В те времена, когда Сёдзо ссорился с Синако из-за Лили, он часто в сердцах кричал ей: «Нас с Лилишкой водой не разольёшь, мы друг у друга ветры нюхали». И в самом деле, ведь они прожили вместе целых десять лет. Конечно, это всего лишь кошка, но если подумать, то она в каком-то смысле дороже ему, чем Ёсико или Синако. В конце концов с Синако он и четырёх лет не прожил, а с Ёсино на сегодняшний день едва какой-то там месяц. С Лили же его связывало множество воспоминаний, Лили была частью его прошлого. Естественно, что Сёдзо было горько с ней расставаться. И как только можно говорить, что эта его привязанность всего лишь причуда, помешательство, нечто ненормальное? А он так легко поддался напору Ёсико и уговорам матери, согласился отдать лучшего друга в чужие руки. Ему стало противно от собственной слабости и безволия. Почему он не решился прямо, открыто, по-мужски постоять за себя? Почему не захотел переупрямить жену и мать? Может быть, в конце концов всё равно ничего не получилось бы, но теперь, не оказав должного сопротивления, он чувствовал себя виноватым перед Лили.
А если бы Лили не прибежала тогда обратно из Амагасаки? Наверное, он примирился бы с потерей, ведь он уже решил тогда её отдать.
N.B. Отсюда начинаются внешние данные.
(* Define, for $n'\in\mathbb{N}_+$ and $n\in\{0,\dots,n'\}$, $\gamma_{n,n'}=\sum_{j=0}^{n}\binom{n'}{j}{\rm e}_{n'-j}$. Then the collection $(\gamma_{n,n'})_{n'\in\mathbb{N}_+,n\in\{0,\dots,n'\}}$ belongs to $\Gamma$ (i.e. satisfies the bound condition).
   Context: $\sigma(x)=\max(0,x)$; $\mathrm{RL}(n,n')$ ($n,n'\in\mathbb{N}_+$) is the set of maps $h:\mathbb{R}^n\to\mathbb{R}^{n'}$, $h(x)_i=\sigma(\langle x,w_i\rangle+b_i)$ for some $W\in\mathbb{R}^{n'\times n}$ with rows $w_i$, $b\in\mathbb{R}^{n'}$; convention: $\mathrm{RL}(0,n')$ are constant maps $\{0\}\to\mathbb{R}^{n'}$ with $\mathcal{H}_{n'}(\mathcal{S}_h)={\rm e}_0$. $S_h(x)_i=1$ iff $\langle x,w_i\rangle+b_i>0$ else $0$; $\mathcal{S}_h=\{S_h(x):x\in\mathbb{R}^n\}$; $|s|=\sum_is_i$. $V$: sequences $(v_j)_{j\in\mathbb{N}}$ of nonnegative integers with finite sum; ${\rm e}_i$ has $({\rm e}_i)_j=\delta_{ij}$; $v\preceq w$ iff $\sum_{j\ge J}v_j\le\sum_{j\ge J}w_j$ for all $J\in\mathbb{N}$; for finite families, $\max_i(v^{(i)})_J=\max_i\sum_{j\ge J}v^{(i)}_j-\max_i\sum_{j\ge J+1}v^{(i)}_j$. $\mathcal{H}_{n'}(\mathcal{S})=(|\{s\in\mathcal{S}:|s|=j\}|)_j$. $\Gamma$ (bound condition): families $(\gamma_{n,n'})_{n'\in\mathbb{N}_+,n\in\{0,\dots,n'\}}$ in $V$ with (i) $\max\{\mathcal{H}_{n'}(\mathcal{S}_h):h\in\mathrm{RL}(n,n')\}\preceq\gamma_{n,n'}$ for all $n'\in\mathbb{N}_+$, $n\in\{0,\dots,n'\}$, and (ii) $n\le\tilde n\le n'\Rightarrow\gamma_{n,n'}\preceq\gamma_{\tilde n,n'}$. *)

theory Defs
  imports Complex_Main
begin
Но в то утро, когда она мяукала на оцинкованной крыше, а он схватил её и прижался к ней щекой, — в тот момент он не просто почувствовал себя подлецом и предателем, не просто дал себе слово ни при каких обстоятельствах никому не отдавать её и держать в доме до самой смерти. Ему казалось, будто оба они с Лили обменялись тогда настоящей клятвой. И теперь его не оставляло ощущение, что, выгнав её ещё раз, он совершил что-то очень подлое и жестокое. Особенно жаль её было оттого, что в последние несколько лет она заметно постарела, это заметно было и по её движениям, и взгляду, и по потускневшему блеску шёрстки. Конечно, иначе и быть не могло, ведь и сам Сёдзо в ту пору, когда он привёз её сюда в велосипедном прицепе, был двадцатилетним парнем, а на будущий год ему уже исполнится тридцать. Кошачий век недолог, и десять лет для неё, наверное, всё равно что по человеческим меркам пятьдесят — шестьдесят. Ясно, что от неё уже не приходилось ожидать такой резвости, как в своё время, но у Сёдзо так живо стояла перед глазами маленькая кошечка, с лёгкостью долетающая по шторам до самого потолка, и, когда он замечал её теперешнюю худобу, когда видел, как она ходит с опущенной и трясущейся головой, ему становилось невыразимо печально при мысли о бренности всего сущего.
О том, что она состарилась, говорили многие признаки: например, она стала хуже прыгать. Котёнком она легко подпрыгивала за едой чуть ли не на высоту роста Сёдзо. Да и не только за едой, она прыгала за всем, что eй ни покажи. Но с годами прыжки становились всё реже и ниже, и в последнее время, когда её на голодный желудок соблазняли чем-либо вкусным, она прыгала только в том случае, если удостоверялась, что это что-нибудь из числа её самых любимых лакомств, да и то лишь не выше пояса. Если приманку Сёдзо поднимал повыше, она отказывалась прыгать и карабкалась за ней по его ногам и туловищу, а когда сил не хватало, то просто просительно поводила носом и смотрела на него своим особенным печальным взглядом. «Пожалей меня, пожалуйста. Я очень голодна и хотела бы прыгнуть, но состарилась и не могу больше прыгать так, как прежде. Прошу тебя. Не издевайся надо мной, покорми скорее», — говорила она глазами, отлично зная слабохарактерность хозяина. Синако тоже случалось грустно глядеть на него, но это его не слишком трогало, а во взгляде Лили он хорошо чувствовал какую-то особенную тоску.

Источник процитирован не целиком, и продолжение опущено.